Exercise aim » What is needed is each line of the data below that holds the string "with".

Saved entries
--*--
lemma l2inner_lincomb_left:
  assumes "f \<in> L2" "g \<in> L2" "h \<in> L2"
  shows "l2inner (\<lambda>x. a * f x - b * g x) h = a * l2inner f h - b * l2inner g h"
proof -
  have "l2inner (\<lambda>x. a * f x - b * g x) h = (\<integral>x. a * (f x * h x) - b * (g x * h x) \<partial>mu)"
    unfolding l2inner_def by (simp add: algebra_simps)
  then show ?thesis
    using integrable_mult_L2[OF assms(1,3)] integrable_mult_L2[OF assms(2,3)] by (simp add: l2inner_def)
qed

lemma l2inner_lincomb_right:
  assumes "f \<in> L2" "g \<in> L2" "h \<in> L2"
  shows "l2inner h (\<lambda>x. a * f x - b * g x) = a * l2inner h f - b * l2inner h g"
  using l2inner_lincomb_left[OF assms] by (simp add: l2inner_commute)

lemma l2inner_self_nonneg: "0 \<le> l2inner f f"
  unfolding l2inner_def by (rule integral_nonneg_AE) simp

lemma l2norm_nonneg: "0 \<le> l2norm f"
  by (simp add: l2norm_def l2inner_self_nonneg)

lemma l2norm_squared: "(l2norm f)\<^sup>2 = l2inner f f"
  by (simp add: l2norm_def l2inner_self_nonneg)

lemma l2norm_scale: "l2norm (\<lambda>x. c * f x) = \<bar>c\<bar> * l2norm f"
proof -
  have "l2inner (\<lambda>x. c * f x) (\<lambda>x. c * f x) = c\<^sup>2 * l2inner f f"
    by (simp add: l2inner_scale_left l2inner_commute[of f "\<lambda>x. c * f x"] power2_eq_square)
  then show ?thesis
    by (simp add: l2norm_def real_sqrt_mult)
qed

lemma L2_zero: "(\<lambda>x. 0) \<in> L2"
  by (simp add: L2_def)

lemma l2norm_zero [simp]: "l2norm (\<lambda>x. 0) = 0"
  by (simp add: l2norm_def l2inner_def)

lemma l2norm_lincomb_squared:
  assumes "f \<in> L2" "g \<in> L2"
  shows "(l2norm (\<lambda>x. a * f x - b * g x))\<^sup>2
           = a\<^sup>2 * (l2norm f)\<^sup>2 - 2 * a * b * l2inner f g + b\<^sup>2 * (l2norm g)\<^sup>2"
proof -
  have "l2inner (\<lambda>x. a * f x - b * g x) (\<lambda>x. a * f x - b * g x)
      = a * (a * l2inner f f - b * l2inner f g) - b * (a * l2inner g f - b * l2inner g g)"
    using l2inner_lincomb_left[OF assms L2_lincomb[OF assms]]
      l2inner_lincomb_right[OF assms assms(1)] l2inner_lincomb_right[OF assms assms(2)]
    by simp
  then show ?thesis
    unfolding l2norm_squared by (simp add: l2inner_commute[of g f] power2_eq_square algebra_simps)
qed

lemma discrim_le_if_quadratic_nonneg:
  fixes A B C :: real
  assumes "0 \<le> A" and nonneg: "\<And>t. 0 \<le> A * t\<^sup>2 - 2 * B * t + C"
  shows "B\<^sup>2 \<le> A * C"
proof (cases "A = 0")
  case True
  have "0 \<le> - 2 * B * ((C + 1) / (2 * B)) + C" if "B \<noteq> 0"
    using nonneg[of "(C + 1) / (2 * B)"] True by simp
  then have "B = 0"
    by (cases "B = 0") auto
  with True show ?thesis by simp
next
  case False
  with \<open>0 \<le> A\<close> have "0 < A" by simp
  have "0 \<le> A * (B / A)\<^sup>2 - 2 * B * (B / A) + C"
    by (rule nonneg)
  then show ?thesis
    using \<open>0 < A\<close> by (simp add: power2_eq_square field_simps)
qed

lemma l2inner_Cauchy_Schwarz:
  assumes "f \<in> L2" "g \<in> L2"
  shows "\<bar>l2inner f g\<bar> \<le> l2norm f * l2norm g"
proof (rule power2_le_imp_le)
  have "0 \<le> (l2norm f)\<^sup>2 * t\<^sup>2 - 2 * l2inner f g * t + (l2norm g)\<^sup>2" for t
    using zero_le_power2[of "l2norm (\<lambda>x. t * f x - 1 * g x)"]
    unfolding l2norm_lincomb_squared[OF assms] by (simp add: algebra_simps)
  then have "(l2inner f g)\<^sup>2 \<le> (l2norm f)\<^sup>2 * (l2norm g)\<^sup>2"
    by (intro discrim_le_if_quadratic_nonneg) auto
  then show "\<bar>l2inner f g\<bar>\<^sup>2 \<le> (l2norm f * l2norm g)\<^sup>2"
    by (simp add: power_mult_distrib)
  show "0 \<le> l2norm f * l2norm g"
    by (simp add: l2norm_nonneg)
qed

lemma l2norm_lincomb_le:
  assumes "f \<in> L2" "g \<in> L2"
  shows "l2norm (\<lambda>x. a * f x - b * g x) \<le> \<bar>a\<bar> * l2norm f + \<bar>b\<bar> * l2norm g"
proof (rule power2_le_imp_le)
  have "- (a * b * l2inner f g) \<le> \<bar>a\<bar> * \<bar>b\<bar> * \<bar>l2inner f g\<bar>"
    by (metis abs_ge_minus_self abs_mult)
  also have "\<dots> \<le> \<bar>a\<bar> * \<bar>b\<bar> * (l2norm f * l2norm g)"
    by (intro mult_left_mono l2inner_Cauchy_Schwarz[OF assms]) simp
  finally show "(l2norm (\<lambda>x. a * f x - b * g x))\<^sup>2 \<le> (\<bar>a\<bar> * l2norm f + \<bar>b\<bar> * l2norm g)\<^sup>2"
    unfolding l2norm_lincomb_squared[OF assms] by (simp add: power2_eq_square algebra_simps)
  show "0 \<le> \<bar>a\<bar> * l2norm f + \<bar>b\<bar> * l2norm g"
    by (simp add: l2norm_nonneg)
qed

section \<open>The Koopman and Ruelle operators on \<open>L\<^sup>2\<close>\<close>

lemma koopman_scale: "koopman (\<lambda>x. c * f x) = (\<lambda>x. c * koopman f x)"
  by (simp add: koopman_def o_def)

lemma ruelle_scale: "ruelle (\<lambda>x. c * f x) = (\<lambda>x. c * ruelle f x)"
  by (simp add: ruelle_def fun_eq_iff field_simps)

lemma koopman_L2:
  assumes "f \<in> L2"
  shows "koopman f \<in> L2"
  using measurable_koopman[OF L2_D(1)[OF assms]] integrable_koopman[OF L2_D(2)[OF assms]]
  by (simp add: L2_def koopman_def o_def)

lemma l2inner_koopman:
  assumes "f \<in> L2" "g \<in> L2"
  shows "l2inner (koopman f) (koopman g) = l2inner f g"
  using integral_koopman[OF integrable_mult_L2[OF assms]] by (simp add: l2inner_def koopman_def)

lemma l2norm_koopman: "f \<in> L2 \<Longrightarrow> l2norm (koopman f) = l2norm f"
  by (simp add: l2norm_def l2inner_koopman)

lemma ruelle_squared_le: "(ruelle f x)\<^sup>2 \<le> ruelle (\<lambda>y. (f y)\<^sup>2) x"
proof -
  have "0 \<le> (f (prepend False x) - f (prepend True x))\<^sup>2"
    by simp
  then show ?thesis
    by (simp add: ruelle_def power2_eq_square field_simps)
qed

lemma ruelle_L2:
  assumes "f \<in> L2"
  shows "ruelle f \<in> L2"
proof -
  have "integrable mu (\<lambda>x. (ruelle f x)\<^sup>2)"
  proof (rule Bochner_Integration.integrable_bound)
    show "integrable mu (ruelle (\<lambda>y. (f y)\<^sup>2))"
      using integrable_ruelle[OF L2_D(2)[OF assms]] .
    show "(\<lambda>x. (ruelle f x)\<^sup>2) \<in> borel_measurable mu"
      using measurable_ruelle[OF L2_D(1)[OF assms]] by measurable
    show "AE x in mu. norm ((ruelle f x)\<^sup>2) \<le> norm (ruelle (\<lambda>y. (f y)\<^sup>2) x)"
      using ruelle_squared_le order_trans[OF zero_le_power2 ruelle_squared_le] by simp
  qed
  then show ?thesis
    using measurable_ruelle[OF L2_D(1)[OF assms]] by (simp add: L2_def)
qed

lemma ruelle_mult_koopman: "ruelle (\<lambda>x. f x * koopman g x) = (\<lambda>x. ruelle f x * g x)"
  by (simp add: ruelle_def koopman_def fun_eq_iff field_simps)

lemma l2inner_ruelle_koopman:
  assumes "f \<in> L2" "g \<in> L2"
  shows "l2inner (ruelle f) g = l2inner f (koopman g)"
  using integral_ruelle[OF integrable_mult_L2[OF assms(1) koopman_L2[OF assms(2)]]]
  by (simp add: l2inner_def ruelle_mult_koopman)

section \<open>Operator norms\<close>

text \<open>
  Elements of \<^const>\<open>L2\<close> are representatives, so \<open>l2norm \<phi> = 0\<close> does not force \<open>A \<phi>\<close> to
  vanish; the explicit bound supplies this.
\<close>

definition bounded_homogeneous_op :: "((omega \<Rightarrow> real) \<Rightarrow> (omega \<Rightarrow> real)) \<Rightarrow> bool" where
  "bounded_homogeneous_op A \<longleftrightarrow>
     (\<forall>\<phi>\<in>L2. A \<phi> \<in> L2 \<and> (\<forall>c. A (\<lambda>x. c * \<phi> x) = (\<lambda>x. c * A \<phi> x))) \<and>
     (\<exists>C. \<forall>\<phi>\<in>L2. l2norm (A \<phi>) \<le> C * l2norm \<phi>)"

abbreviation L2_sphere :: "(omega \<Rightarrow> real) set" where
  "L2_sphere \<equiv> {\<phi> \<in> L2. l2norm \<phi> = 1}"

lemma one_in_L2_sphere: "(\<lambda>x. 1) \<in> L2_sphere"
proof -
  interpret prob_space mu
    by (rule prob_space_mu)
  show ?thesis
    using prob_space by (simp add: L2_def l2norm_def l2inner_def)
qed

lemma bounded_homogeneous_opD:
  assumes "bounded_homogeneous_op A" "\<phi> \<in> L2"
  shows "A \<phi> \<in> L2" and "A (\<lambda>x. c * \<phi> x) = (\<lambda>x. c * A \<phi> x)"
  using assms unfolding bounded_homogeneous_op_def by auto

lemma bounded_homogeneous_op_zero:
  assumes "bounded_homogeneous_op A"
  shows "A (\<lambda>x. 0) = (\<lambda>x. 0)"
  using bounded_homogeneous_opD(2)[OF assms L2_zero, of 0] by simp

lemma bdd_above_opnorm:
  assumes "bounded_homogeneous_op A"
  shows "bdd_above ((\<lambda>\<phi>. l2norm (A \<phi>)) ` L2_sphere)"
proof -
  obtain C where "\<forall>\<phi>\<in>L2. l2norm (A \<phi>) \<le> C * l2norm \<phi>"
    using assms by (auto simp: bounded_homogeneous_op_def)
  then show ?thesis
    by (intro bdd_aboveI2[where M = C]) auto
qed

lemma opnorm_upper:
  "bounded_homogeneous_op A \<Longrightarrow> \<phi> \<in> L2_sphere \<Longrightarrow> l2norm (A \<phi>) \<le> opnorm A"
  unfolding opnorm_def by (rule cSup_upper) (auto intro: bdd_above_opnorm)

lemma opnorm_least:
  "(\<And>\<phi>. \<phi> \<in> L2_sphere \<Longrightarrow> l2norm (A \<phi>) \<le> c) \<Longrightarrow> opnorm A \<le> c"
  unfolding opnorm_def using one_in_L2_sphere by (intro cSup_least) auto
--*--
Response to the task »
  with True show ?thesis by simp
  with \<open>0 \<le> A\<close> have "0 < A" by simp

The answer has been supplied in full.